At this stage in the revolution, such ecological technocrats have ascended to the halls of power across Europe. Going into effect in 2023, the new Common Agricultural Policy (CAP) which sets agricultural subsidies and eats up almost a third of the EU budget with €291.1 billion for its implementation, is aligned with the Green Deal, meant to reward farmers for helping the EU achieve various climate goals and push farmers to ‘green’ up their farming. 

Just like the revolution’s first iteration, today’s comes with benefits. Emerging farming techniques are countering some of the negative environmental effects stemming from past decades’ push to mass farming, and are lowering farmers’ production costs in the long-term. 

But the upside comes with a downside, because technocrats will be technocrats. Consider, for instance, the CAP’s focus on crops to increase plant protein production. In its effort to get farmers to grow more plant protein, the EU is funding research to develop protein crops suited for European conditions—to find a substitute for imported soybeans. I personally know of two such research projects, one of which seems particularly promising for Europe’s arid Mediterranean climate. But that same plant-protein policy has worked to deprive Spanish farmers of a perfectly reasonable subsidy for sunflowers, which is alarming, given the current situation. We can assume, as with any government program, systemic arbitrariness comes with its application. 

Inconsistencies are inevitable when policies are imposed from the top down, which is most certainly the case with ‘Green Revolution 2.0.’ In February, the World Economic Forum hosted a panel discussion on food systems that featured Hanneke Faber, president of the foods and refreshment division of Unilever, Netherlands, Jürgen Vögele, Vice President for Sustainable Development at the World Bank, and Rodrigo Santos, Member of the Board of Management and Head of the Crop Science Division at Bayer. While it is advantageous to have the support of large political entities, who have the means and economic motivation to make strides in technological innovation, this approach leaves the little guy, the average farmer, at the mercy of government puppet masters.

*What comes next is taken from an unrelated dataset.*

(* Let $n\ge1$ with $\gcd(n,q)=1$, $\mathbb{F}\supseteq\mathbb{F}_q$ a field containing the $n$-th roots of unity, $\gamma$ a primitive $n$-th root of unity, $\ell\ge2$ and $t\ge0$ integers. Let $a,b\le n$ be positive integers with $\gcd(a,n)=\gcd(b,n)=1$, and let $S,R\subseteq\{1,\dots,n\}$ satisfy $|\overline{S}|\le|S|+\mathrm{d}_R-2$, $|S|>t$ and $\mathrm{d}_S>t$. Let $A,B\subseteq\mathbb{F}^n$ be the cyclic codes with generating sets $aS$ and $bR$ respectively, let $\tilde C=\{\mathbf{c}\in\mathbb{F}^n: M(aS+bR)\mathbf{c}^T=0\}$ and $k=\dim\tilde C$. Assume (i) $B^\perp*\tilde C^{i}\subsetneq\mathbb{F}^n$ for all $i\in\{1,\dots,\ell-1\}$; (ii) every nonzero cyclic subcode of $B$ is non-degenerated. Define integers $\delta$ and $\gamma_1,\dots,\gamma_{\ell-1}$ by $n-k=|S|+|R|-1+\delta$ and $\dim B=\dim\big((B^\perp*\tilde C^i)^\perp\big)+i\dim\tilde C-i+\gamma_i$ for $i=1,\dots,\ell-1$. If $$t\le \ell n-\Big[\frac{\ell(\ell+1)}{2}(k-1)+\ell(|S|+\delta)+\sum_{i=1}^{\ell-1}\gamma_i\Big],$$ then $(A,B)$ is an $\ell$-power $t$-error locating pair for $\tilde C$.
   Context: For $T=\{i_1,\dots,i_m\}\subseteq\{1,\dots,n\}$ (indices mod $n$), $M(T)$ is the $m\times n$ matrix with rows $(1,\gamma^{i_j},\dots,\gamma^{(n-1)i_j})$; the code with generating set $T$ is $\{\mathbf{u}M(T):\mathbf{u}\in\mathbb{F}^m\}$. $\mathrm{d}_T$ denotes the minimum distance of $\{\mathbf{c}\in\mathbb{F}^n:M(T)\mathbf{c}^T=0\}$. $\overline{S}$ is the smallest set of consecutive indices modulo $n$ containing $S$; $aS=\{as\bmod n:s\in S\}$; $S+R=\{s+r\bmod n\}$. Componentwise product $*$, $X*Y$ the span of products, $X^1=X$, $X^i=X*X^{i-1}$; duals w.r.t. $\langle\mathbf{u},\mathbf{v}\rangle=\sum u_iv_i$ on $\mathbb{F}^n$; $\mathrm{d}$ minimum distance. A code $H$ is degenerated if $\dim\{\mathbf{x}:\mathbf{x}*H\subseteq H\}>1$, equivalently it is a direct sum of nonzero subcodes with disjoint supports or every generator matrix has a zero column. A pair $(A,B)$ of codes in $\mathbb{F}^n$ is an $\ell$-power $t$-error locating pair for a code $C$ if: (1) $A*B\subseteq C^\perp$; (2) $\dim A>t$; (3) $\mathrm{d}(A^\perp)>t$; (4) $\mathrm{d}(A)+\mathrm{d}(C)>n$; (5) $\dim B+\sum_{i=2}^{\ell}\dim(B^\perp*C^{i-1})^\perp\ge t$. *)

theory Defs
  imports Complex_Main "HOL-Library.Function_Algebras"
begin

Bleak as it seems, all is not yet in the hands of the global elites. There are still opportunities in this stage of the revolution that conservatives can capitalise on, principally in the strange Green-Conservative alliance that occasionally proves politically fortuitous. Within both the Right and the Left, for example, there are advocates for getting rid of farm subsidies. Some farmers I have talked to from my years reporting in agriculture have hinted at such an idea. Still, it is challenging. Though direct payments to farmers have decreased in recent years, an analysis from the conservative think tank Open Europe shows that there is little political appetite to thoroughly slash agricultural subsidies, and at the moment most farmers rely on them, though evidence also exists that farming can be more competitive without them. 

All this to say that should Spanish and Dutch farmers win their current battles against the nitrogen and protein czars, they will still have a long fight ahead, and conservatives will need to be creative, consistent, and coherent in lending them support. 

Bridget Ryder is Spain-based writer. She has written on politics, environment, and culture for American and international publications. She holds degrees in Spanish and Catholic Studies.